We are coming through tomorrow and staying at Champoeg.

Sounds like we can expect pretty much the same as Seattle as far as traffic. Trick is to leave late enough here to miss traffic and arrive early enough to miss traffic there.


----------



## jnk36jnk

Although I don't do it every day, I would think anytime between 10:00 Am and 3:30 Pm would be OK.


----------



## Y Guy's Wife

Crismon4 said:


> .....and as the Y-Guy family posts TO EACH OTHER......
> 
> 
> 
> 
> 
> 
> 
> 
> I so glad Steve and Sandi can get some quality time on Outbackers


I knew someone would comment about that!







He actually had left for work already and I wanted to remind him that we don't have VS. (the channel the game is on) on our programming. Do you guys?


----------



## PDX_Doug

BlueWedge said:


> We are coming through tomorrow and staying at Champoeg.
> 
> Sounds like we can expect pretty much the same as Seattle as far as traffic. Trick is to leave late enough here to miss traffic and arrive early enough to miss traffic there.

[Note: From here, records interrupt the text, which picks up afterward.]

text \<open>A large critical set yields \<open>M\<close> distinct super-decreasing coordinates inside \<open>B_T(w_r)\<close>:
  the positions \<open>0, Lb, 2Lb, ...\<close> of the sorted order.\<close>
lemma dominating_samples:
  assumes "k \<ge> 2" and "R \<ge> 1" and "real (card (Cset (tau_k k) R u)) > t_param k R"
  defines "B \<equiv> Bset (nat \<lceil>t_param k R\<rceil>) R u" and "M \<equiv> num_samples k"
  obtains p where "inj_on p {..<M}" and "\<And>j. j < M \<Longrightarrow> p j \<in> B \<and> p j < R"
    and "\<And>j. j < M \<Longrightarrow> (\<Sum>l\<in>{j<..<M}. \<bar>u (p l)\<bar>) + 2 * (\<Sum>i\<in>{..<R} - B. \<bar>u i\<bar>) < \<bar>u (p j)\<bar>"
proof -
  define T where "T = nat \<lceil>t_param k R\<rceil>"
  define p where "p j = idx_order R u ! (j * sample_gap k)" for j
  have T_le: "T \<le> R"
    and critical: "\<And>m. m < T \<Longrightarrow>
           tau_k k * sqrt (tail_energy (\<lambda>i. u (idx_order R u ! i)) R m) < \<bar>u (idx_order R u ! m)\<bar>"
    using Cset_card_gt_critical_prefix[OF assms(3)] by (auto simp: T_def)
  have in_prefix: "\<And>j. j < M \<Longrightarrow> j * sample_gap k < T"
    using samples_before_threshold(1)[OF assms(1,2)] by (simp add: M_def T_def)
  have "inj_on (\<lambda>j. j * sample_gap k) {..<M}"
    using sample_gap_pos[OF assms(1)] by (auto simp: inj_on_def)
  from idx_order_prefix_samples[where q = "\<lambda>j. j * sample_gap k" and u = u, OF this in_prefix T_le]
  have "inj_on p {..<M}" and "\<And>j. j < M \<Longrightarrow> p j \<in> B \<and> p j < R"
    unfolding p_def B_def T_def by blast+
  moreover have "(\<Sum>l\<in>{j<..<M}. \<bar>u (p l)\<bar>) + 2 * (\<Sum>i\<in>{..<R} - B. \<bar>u i\<bar>) < \<bar>u (p j)\<bar>"
    if "j < M" for j
    using sample_dominates[OF critical T_le tau_k_facts(1,2)[OF assms(1)] num_samples_tau_le[OF assms(1)]
        sample_gap_decay[OF assms(1)] in_prefix[unfolded M_def]
        samples_before_threshold(2)[OF assms(1,2), folded T_def] that[unfolded M_def]]
    unfolding B_def T_def[symmetric] by (simp add: sum_outside_Bset[OF T_le] p_def M_def)
  ultimately show ?thesis using that by blast
qed
(* Assume $t_m=1$ and let $d_\beta^*(1)=(t_1t_2\cdots t_{m-1}0)^\omega$. Let $y\in\mathbb Z_\beta^+$ have β-expansion $y_ny_{n-1}\cdots y_0\bullet$, and let $k$ be the maximal index (with $0\le k\le n+1$) such that the word $y_{k-1}y_{k-2}\cdots y_0$ is a prefix of $d_\beta^*(1)$ (the empty word when $k=0$). Then ${\rm succ}(y)=y+T_\beta^{k'}(1)$, where $k'\in\{0,1,\dots,m-1\}$ satisfies $k'\equiv k\pmod m$.
   Context: $\beta>1$ is a simple Parry number with $d_\beta(1)=t_1\cdots t_{m-1}t_m$ ($m\ge2$, $t_1\ge1$, $t_m\ge1$, satisfying the Parry condition). The β-expansion of $x>0$ is the greedy expansion $x=\sum_{i\le k}x_i\beta^i$; we write $x=x_n\cdots x_0\bullet$ when $x_i=0$ for $i<0$, and such $x$ (together with $0$) form $\mathbb Z_\beta^+$. A finite string $x_k\cdots x_0$ over $\{0,\dots,\lceil\beta\rceil-1\}$ is the β-expansion of a β-integer iff each suffix $x_i\cdots x_0$ is lexicographically strictly smaller than $d_\beta(1)$. $\mathbb Z_\beta=\mathbb Z_\beta^+\cup(-\mathbb Z_\beta^+)$, ${\rm succ}(x)=\min\{y\in\mathbb Z_\beta: y>x\}$. $T_\beta(x)=\beta x\bmod1$ and $T_\beta^i(1)=\sum_{j=i+1}^m t_j\beta^{i-j}$ for $0\le i\le m-1$. *)

theory Defs
  imports Complex_Main
begin

definition beta_T :: "real \<Rightarrow> real \<Rightarrow> real" where
  "beta_T \<beta> x = frac (\<beta> * x)"

text \<open>Renyi digits of 1: d_beta(1) = t_1 t_2 ..., with t_i = floor(beta T^(i-1)(1)).\<close>
definition renyi_digit :: "real \<Rightarrow> nat \<Rightarrow> nat" where
  "renyi_digit \<beta> i = nat \<lfloor>\<beta> * (beta_T \<beta> ^^ (i - 1)) 1\<rfloor>"
lemma power_Suc_q_power: "(x::'K) ^ (CARD('f) ^ Suc n) = (x ^ (CARD('f) ^ n)) ^ CARD('f)"
  by (simp only: power_Suc2 power_mult)

lemma frobenius_power_add: "(x + y) ^ (CARD('f) ^ n) = x ^ (CARD('f) ^ n) + (y::'K) ^ (CARD('f) ^ n)"
  by (induction n) (simp_all only: power_0 power_one_right power_Suc_q_power frobenius_add)

lemma frobenius_power_minus: "(- x::'K) ^ (CARD('f) ^ n) = - (x ^ (CARD('f) ^ n))"
proof -
  have "(- x) ^ (CARD('f) ^ n) + x ^ (CARD('f) ^ n) = (- x + x) ^ (CARD('f) ^ n)"
    by (rule frobenius_power_add[symmetric])
  also have "\<dots> = 0"
    using card_power_pos[of n] by simp
  finally show ?thesis
    by (simp add: eq_neg_iff_add_eq_0)
qed

lemma frobenius_power_diff: "(x - y) ^ (CARD('f) ^ n) = x ^ (CARD('f) ^ n) - (y::'K) ^ (CARD('f) ^ n)"
  by (simp only: diff_conv_add_uminus frobenius_power_add frobenius_power_minus)

lemma frobenius_power_sum: "(\<Sum>i\<in>A. f i) ^ (CARD('f) ^ n) = (\<Sum>i\<in>A. (f i :: 'K) ^ (CARD('f) ^ n))"
  using card_ge_2
  by (induction A rule: infinite_finite_induct) (simp_all add: frobenius_power_add power_0_left)

lemma frobenius_power_inj: "(x::'K) ^ (CARD('f) ^ n) = y ^ (CARD('f) ^ n) \<Longrightarrow> x = y"
  using frobenius_power_diff[of x y n] card_power_pos[of n] by simp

I would really try to get through downtown by 3:00PM. I-5 southbound is not too bad at that point as far as the Fremont bridge (I-405). I would suggest taking the Fremont across the Willamette, and then heading West on Hwy 26 to Hwy 217. Then South on 217 to regain I-5 southbound. 217 will be slow, but much better than the stretch of I-5 you will be missing!

Leaving Champoeg, I agree with Jim about taking Hwy 18 to the coast. It's pretty quick to cut over and join 18 at Newberg, and then go West from there. If you have time, a stop at the Evergreen Air Museum on the McMinville by-pass is well worth the time.

We will see you guys down there sometime Friday.

Happy Trails,
Doug


----------



## jnk36jnk

Wouldn't it be quicker to take the Fremont Bridge and then go onto 405 (instead of heading west and circling back) which will then take you onto I5 at the south end of Portland. That must be twenty to thirty minutes faster. Just a thought. j


----------



## Crismon4

Y Guy said:


> we don't have VS. (the channel the game is on) on our programming. Do you guys?


.....according to the Satellite Master







and I watched as he surfed right to it, we do get it and "subject to programmers choice" (DISH's words, not mine), the schedule indicates O vs. OSU 4m Saturday....do you want us to bring our receiver? and if we do, who volunteers to help Gordon get the DISH locked on to the satellites


----------



## Y Guy's Wife

Crismon4 said:


> we don't have VS. (the channel the game is on) on our programming. Do you guys?


.....according to the Satellite Master







and I watched as he surfed right to it, we do get it and "subject to programmers choice" (DISH's words, not mine), the schedule indicates O vs. OSU 4m Saturday....do you want us to bring our receiver? and if we do, who volunteers to help Gordon get the DISH locked on to the satellites








[/quote]

That's what our receiver says as well. We just don't have VS. in our program package. We are bringing everything and will hopefully have our receiver set up but if you bring your receiver, then we can just change receivers can't we? Also I think David is bringing his Direct TV stuff as well.


----------



## Oregon_Camper

Doug...Steve...

With all your Sat gear...you must have a super long coax cable to get from the Sat to the Outback or inside the Outback to a TV.

Will either one of you promise to bring one? I only have one that is 3' and that won't be long enough. I need to have the Sat connect via the coax to the back of my Media Center....inside someones trailer.


----------



## Y-Guy

Jim I have a couple I'll bring, one is for the Dish but the other is my backup.

Question.... We're coming down I84 and going down 99W, is it best to go down 205 and North or take the Banfield and go south?


----------



## Oregon_Camper

Y-Guy said:


> Jim I have a couple I'll bring, one is for the Dish but the other is my backup.
> 
> Question.... We're coming down I84 and going down 99W, is it best to go down 205 and North or take the Banfield and go south?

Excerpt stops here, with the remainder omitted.